### Activity
Identify every line in the records below that contains the word "dots", and reproduce each one.

---

text \<open>\<open>Nm / (N1 + Nm)\<close> is the posterior probability of class \<open>-1\<close> at \<open>z\<close>.\<close>

lemma guided_field_eq_posterior_form:
  fixes p1 pm1 :: "real \<Rightarrow> real" and T t z :: real
  defines "N1 \<equiv> noised_density p1 T t z" and "Nm \<equiv> noised_density pm1 T t z"
  assumes d1: "(noised_density p1 T t has_real_derivative D1) (at z)"
    and dm: "(noised_density pm1 T t has_real_derivative Dm) (at z)"
    and N1: "0 < N1" and Nm: "0 < Nm"
  shows "guided_field p1 pm1 w T t z = z + D1 / N1 + w * (D1 / N1 - Dm / Nm) * (Nm / (N1 + Nm))"
proof -
  have "((\<lambda>y. ln (noised_density p1 T t y)) has_real_derivative 1 / N1 * D1) (at z)"
    using DERIV_chain2[OF DERIV_ln_divide[OF N1[unfolded N1_def]] d1] unfolding N1_def .
  then have score1: "deriv (\<lambda>y. ln (noised_density p1 T t y)) z = D1 / N1"
    by (simp add: DERIV_imp_deriv)
  have "(marginal_density p1 pm1 T t has_real_derivative 1/2 * D1 + 1/2 * Dm) (at z)"
    unfolding marginal_density_def[abs_def] by (intro DERIV_add DERIV_cmult d1 dm)
  moreover have "0 < marginal_density p1 pm1 T t z"
    using N1 Nm by (simp add: marginal_density_def N1_def Nm_def)
  ultimately have "((\<lambda>y. ln (marginal_density p1 pm1 T t y)) has_real_derivative
      1 / marginal_density p1 pm1 T t z * (1/2 * D1 + 1/2 * Dm)) (at z)"
    by (intro DERIV_chain2[OF DERIV_ln_divide])
  then have score: "deriv (\<lambda>y. ln (marginal_density p1 pm1 T t y)) z = (D1 + Dm) / (N1 + Nm)"
    using N1 Nm by (simp add: DERIV_imp_deriv marginal_density_def N1_def Nm_def field_simps)
  have posterior: "D1 / N1 - (D1 + Dm) / (N1 + Nm) = (D1 / N1 - Dm / Nm) * (Nm / (N1 + Nm))"
  proof -
    have "N1 + Nm \<noteq> 0"
      using N1 Nm by simp
    then show ?thesis
      using N1 Nm by (simp add: divide_simps) (simp add: algebra_simps)
  qed
  have "guided_field p1 pm1 w T t z = z + D1 / N1 + w * (D1 / N1 - (D1 + Dm) / (N1 + Nm))"
    unfolding guided_field_def score1 score by (simp add: algebra_simps add_divide_distrib)
  then show ?thesis
    unfolding posterior by (simp add: mult.assoc)
qed

lemma guided_drift_ge_of_score_bounds:
  fixes a v \<alpha>1 w \<rho> z r1 rm N1 Nm :: real
  assumes a: "0 < a" and v: "v = 1 - a\<^sup>2" "0 < v" and \<alpha>1: "0 \<le> \<alpha>1" and w: "0 \<le> w"
    and N: "0 < N1" "0 < Nm" and \<rho>: "0 \<le> \<rho>" "\<rho> \<le> 1" "\<rho> * N1 \<le> Nm"
    and r1: "(a * \<alpha>1 - z) / v \<le> r1" and rm: "rm \<le> (- a * \<alpha>1 - z) / v"
  shows "a / v * (\<alpha>1 - a * z + w * \<alpha>1 * \<rho>) \<le> z + r1 + w * (r1 - rm) * (Nm / (N1 + Nm))"
proof -
  have drift1: "a / v * (\<alpha>1 - a * z) \<le> z + r1"
  proof -
    have "z + (a * \<alpha>1 - z) / v = a / v * (\<alpha>1 - a * z)"
      using v(2) unfolding v(1) by (simp add: field_simps power2_eq_square)
    then show ?thesis
      using r1 by linarith
  qed
  have posterior: "\<rho> / 2 \<le> Nm / (N1 + Nm)"
  proof -
    have "\<rho> * Nm \<le> Nm"
      using \<rho>(2) N(2) by simp
    then have "\<rho> * (N1 + Nm) \<le> 2 * Nm"
      using \<rho>(3) by (simp add: distrib_left)
    then show ?thesis
      using N by (simp add: field_simps)
  qed
  have gap: "2 * a * \<alpha>1 / v \<le> r1 - rm"
  proof -
    have "(a * \<alpha>1 - z) / v - (- a * \<alpha>1 - z) / v = 2 * a * \<alpha>1 / v"
      by (simp add: diff_divide_distrib)
    then show ?thesis
      using r1 rm by linarith
  qed
  have "0 \<le> 2 * a * \<alpha>1 / v"
    using a v(2) \<alpha>1 by simp
  then have "2 * a * \<alpha>1 / v * (\<rho> / 2) \<le> (r1 - rm) * (Nm / (N1 + Nm))"
    using gap \<rho>(1) by (intro mult_mono gap posterior) auto
  then have "w * (2 * a * \<alpha>1 / v * (\<rho> / 2)) \<le> w * (r1 - rm) * (Nm / (N1 + Nm))"
    unfolding mult.assoc using w by (rule mult_left_mono)
  moreover have "w * (2 * a * \<alpha>1 / v * (\<rho> / 2)) = a / v * (w * \<alpha>1 * \<rho>)"
    by (simp add: field_simps)
  moreover have "a / v * (\<alpha>1 - a * z + w * \<alpha>1 * \<rho>) = a / v * (\<alpha>1 - a * z) + a / v * (w * \<alpha>1 * \<rho>)"
    by (rule distrib_left)
  ultimately show ?thesis
    using drift1 by linarith
qed

lemma guided_field_lower_bound:
  fixes p1 pm1 :: "real \<Rightarrow> real"
  assumes p1: "prob_density p1" and supp1: "\<forall>y. y \<notin> {\<alpha>1..\<alpha>2} \<longrightarrow> p1 y = 0"
    and pm1: "prob_density pm1" and suppm: "\<forall>y. y \<notin> {-\<alpha>2..-\<alpha>1} \<longrightarrow> pm1 y = 0"
    and \<alpha>: "0 < \<alpha>1" "\<alpha>1 < \<alpha>2" and w: "1 \<le> w" and \<alpha>2: "\<alpha>2\<^sup>2 \<le> ln w / 4"
    and a_le: "exp (t - T) \<le> 1/2" and z: "z \<le> ln w / (16 * \<alpha>2)"
    and K: "0 \<le> \<alpha>1 + w * \<alpha>1 * exp (- ln w / 4) - ln w / (16 * \<alpha>2) / 2"
  shows "exp (t - T) * (\<alpha>1 + w * \<alpha>1 * exp (- ln w / 4) - ln w / (16 * \<alpha>2) / 2)
           \<le> guided_field p1 pm1 w T t z"
proof -
  define a \<sigma> L \<rho> where "a = sched_a T t" and "\<sigma> = sched_b T t"
    and "L = ln w / (16 * \<alpha>2)" and "\<rho> = exp (- ln w / 4)"
  have a: "0 < a" "a \<le> 1/2" and a2: "a\<^sup>2 \<le> 1/4"
    using a_le power_mono[OF a_le, of 2] by (auto simp: a_def sched_a_def power2_eq_square)
  have v: "\<sigma>\<^sup>2 = 1 - a\<^sup>2" and v34: "3/4 \<le> \<sigma>\<^sup>2" and \<sigma>: "0 < \<sigma>"
    using a2 by (auto simp: \<sigma>_def sched_b_def a_def[symmetric])
  have lnw: "0 < ln w"
    using \<alpha> \<alpha>2 zero_less_power[of \<alpha>2 2] by linarith
  then have L: "0 < L" and \<rho>: "0 \<le> \<rho>" "\<rho> \<le> 1"
    using \<alpha> by (auto simp: L_def \<rho>_def)
  note noised = noised_density_eq_gauss_conv[of _ T t, folded a_def \<sigma>_def]
  note pos1 = gauss_conv_pos[OF p1 supp1 \<sigma>, of a z] and posm = gauss_conv_pos[OF pm1 suppm \<sigma>, of a z]
  have deriv: "(gauss_conv q \<sigma> a has_real_derivative deriv (gauss_conv q \<sigma> a) z) (at z)"
    if "prob_density q" for q
    using has_real_derivative_gauss_conv[OF prob_densityD(1)[OF that] \<sigma>] by (metis DERIV_imp_deriv)
  have r1: "(a * \<alpha>1 - z) / \<sigma>\<^sup>2 \<le> deriv (gauss_conv p1 \<sigma> a) z / gauss_conv p1 \<sigma> a z"
    using deriv_gauss_conv_bounds(1)[OF p1 supp1 \<sigma>, where a=a and z=z] a pos1
    by (simp add: pos_le_divide_eq)
  have rm: "deriv (gauss_conv pm1 \<sigma> a) z / gauss_conv pm1 \<sigma> a z \<le> (- a * \<alpha>1 - z) / \<sigma>\<^sup>2"
    using deriv_gauss_conv_bounds(2)[OF pm1 suppm \<sigma>, where a=a and z=z] a posm
    by (simp add: pos_divide_le_eq)
  have "a * \<alpha>2 * (2 * L + a * \<alpha>2) / \<sigma>\<^sup>2 \<le> ln w / 4"
  proof -
    have "a * \<alpha>2 * (2 * L) \<le> 1/2 * (ln w / 8)"
      using a \<alpha> lnw by (simp add: L_def field_simps)
    moreover have "a\<^sup>2 * \<alpha>2\<^sup>2 \<le> 1/4 * (ln w / 4)"
      using a2 \<alpha>2 by (intro mult_mono) auto
    ultimately have "a * \<alpha>2 * (2 * L + a * \<alpha>2) \<le> 3/4 * (ln w / 4)"
      using lnw by (simp add: algebra_simps power2_eq_square)
    also have "\<dots> \<le> \<sigma>\<^sup>2 * (ln w / 4)"
      using v34 lnw by (intro mult_right_mono) auto
    finally show ?thesis
      using \<sigma> by (simp add: pos_divide_le_eq mult.commute)
  qed
  then have "\<rho> \<le> exp (- (a * \<alpha>2 * (2 * L + a * \<alpha>2) / \<sigma>\<^sup>2))"
    unfolding \<rho>_def by simp
  then have "\<rho> * gauss_conv p1 \<sigma> a z \<le> exp (- (a * \<alpha>2 * (2 * L + a * \<alpha>2) / \<sigma>\<^sup>2)) * gauss_conv p1 \<sigma> a z"
    using pos1 by (intro mult_right_mono) auto
  also have "\<dots> \<le> gauss_conv pm1 \<sigma> a z"
    by (rule gauss_conv_mirror_ratio_ge[OF p1 supp1 pm1 suppm _ \<sigma> _ z[folded L_def]]) (use \<alpha> a L in auto)
  finally have ratio: "\<rho> * gauss_conv p1 \<sigma> a z \<le> gauss_conv pm1 \<sigma> a z" .
  have "a / \<sigma>\<^sup>2 * (\<alpha>1 - a * z + w * \<alpha>1 * \<rho>) \<le> guided_field p1 pm1 w T t z"
    unfolding guided_field_eq_posterior_form[where T=T and t=t, unfolded noised, OF deriv[OF p1] deriv[OF pm1] pos1 posm]
    by (rule guided_drift_ge_of_score_bounds[OF a(1) v _ _ _ pos1 posm \<rho> ratio r1 rm]) (use \<sigma> \<alpha> w in auto)
  moreover have "a * z \<le> L / 2"
    using mult_left_mono[OF z[folded L_def], of a] mult_right_mono[OF a(2), of L] a L by linarith
  then have "a / \<sigma>\<^sup>2 * (\<alpha>1 + w * \<alpha>1 * \<rho> - L / 2) \<le> a / \<sigma>\<^sup>2 * (\<alpha>1 - a * z + w * \<alpha>1 * \<rho>)"
    using a by (intro mult_left_mono) auto
  moreover have "a * (\<alpha>1 + w * \<alpha>1 * \<rho> - L / 2) \<le> a / \<sigma>\<^sup>2 * (\<alpha>1 + w * \<alpha>1 * \<rho> - L / 2)"
    using a v v34 \<sigma> K unfolding L_def \<rho>_def by (intro mult_right_mono) (auto simp: le_divide_eq)
  ultimately show ?thesis
    unfolding a_def sched_a_def L_def \<rho>_def by linarith
qed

---

### Result of the exercise
    also have "\<dots> \<le> \<sigma>\<^sup>2 * (ln w / 4)"
  also have "\<dots> \<le> gauss_conv pm1 \<sigma> a z"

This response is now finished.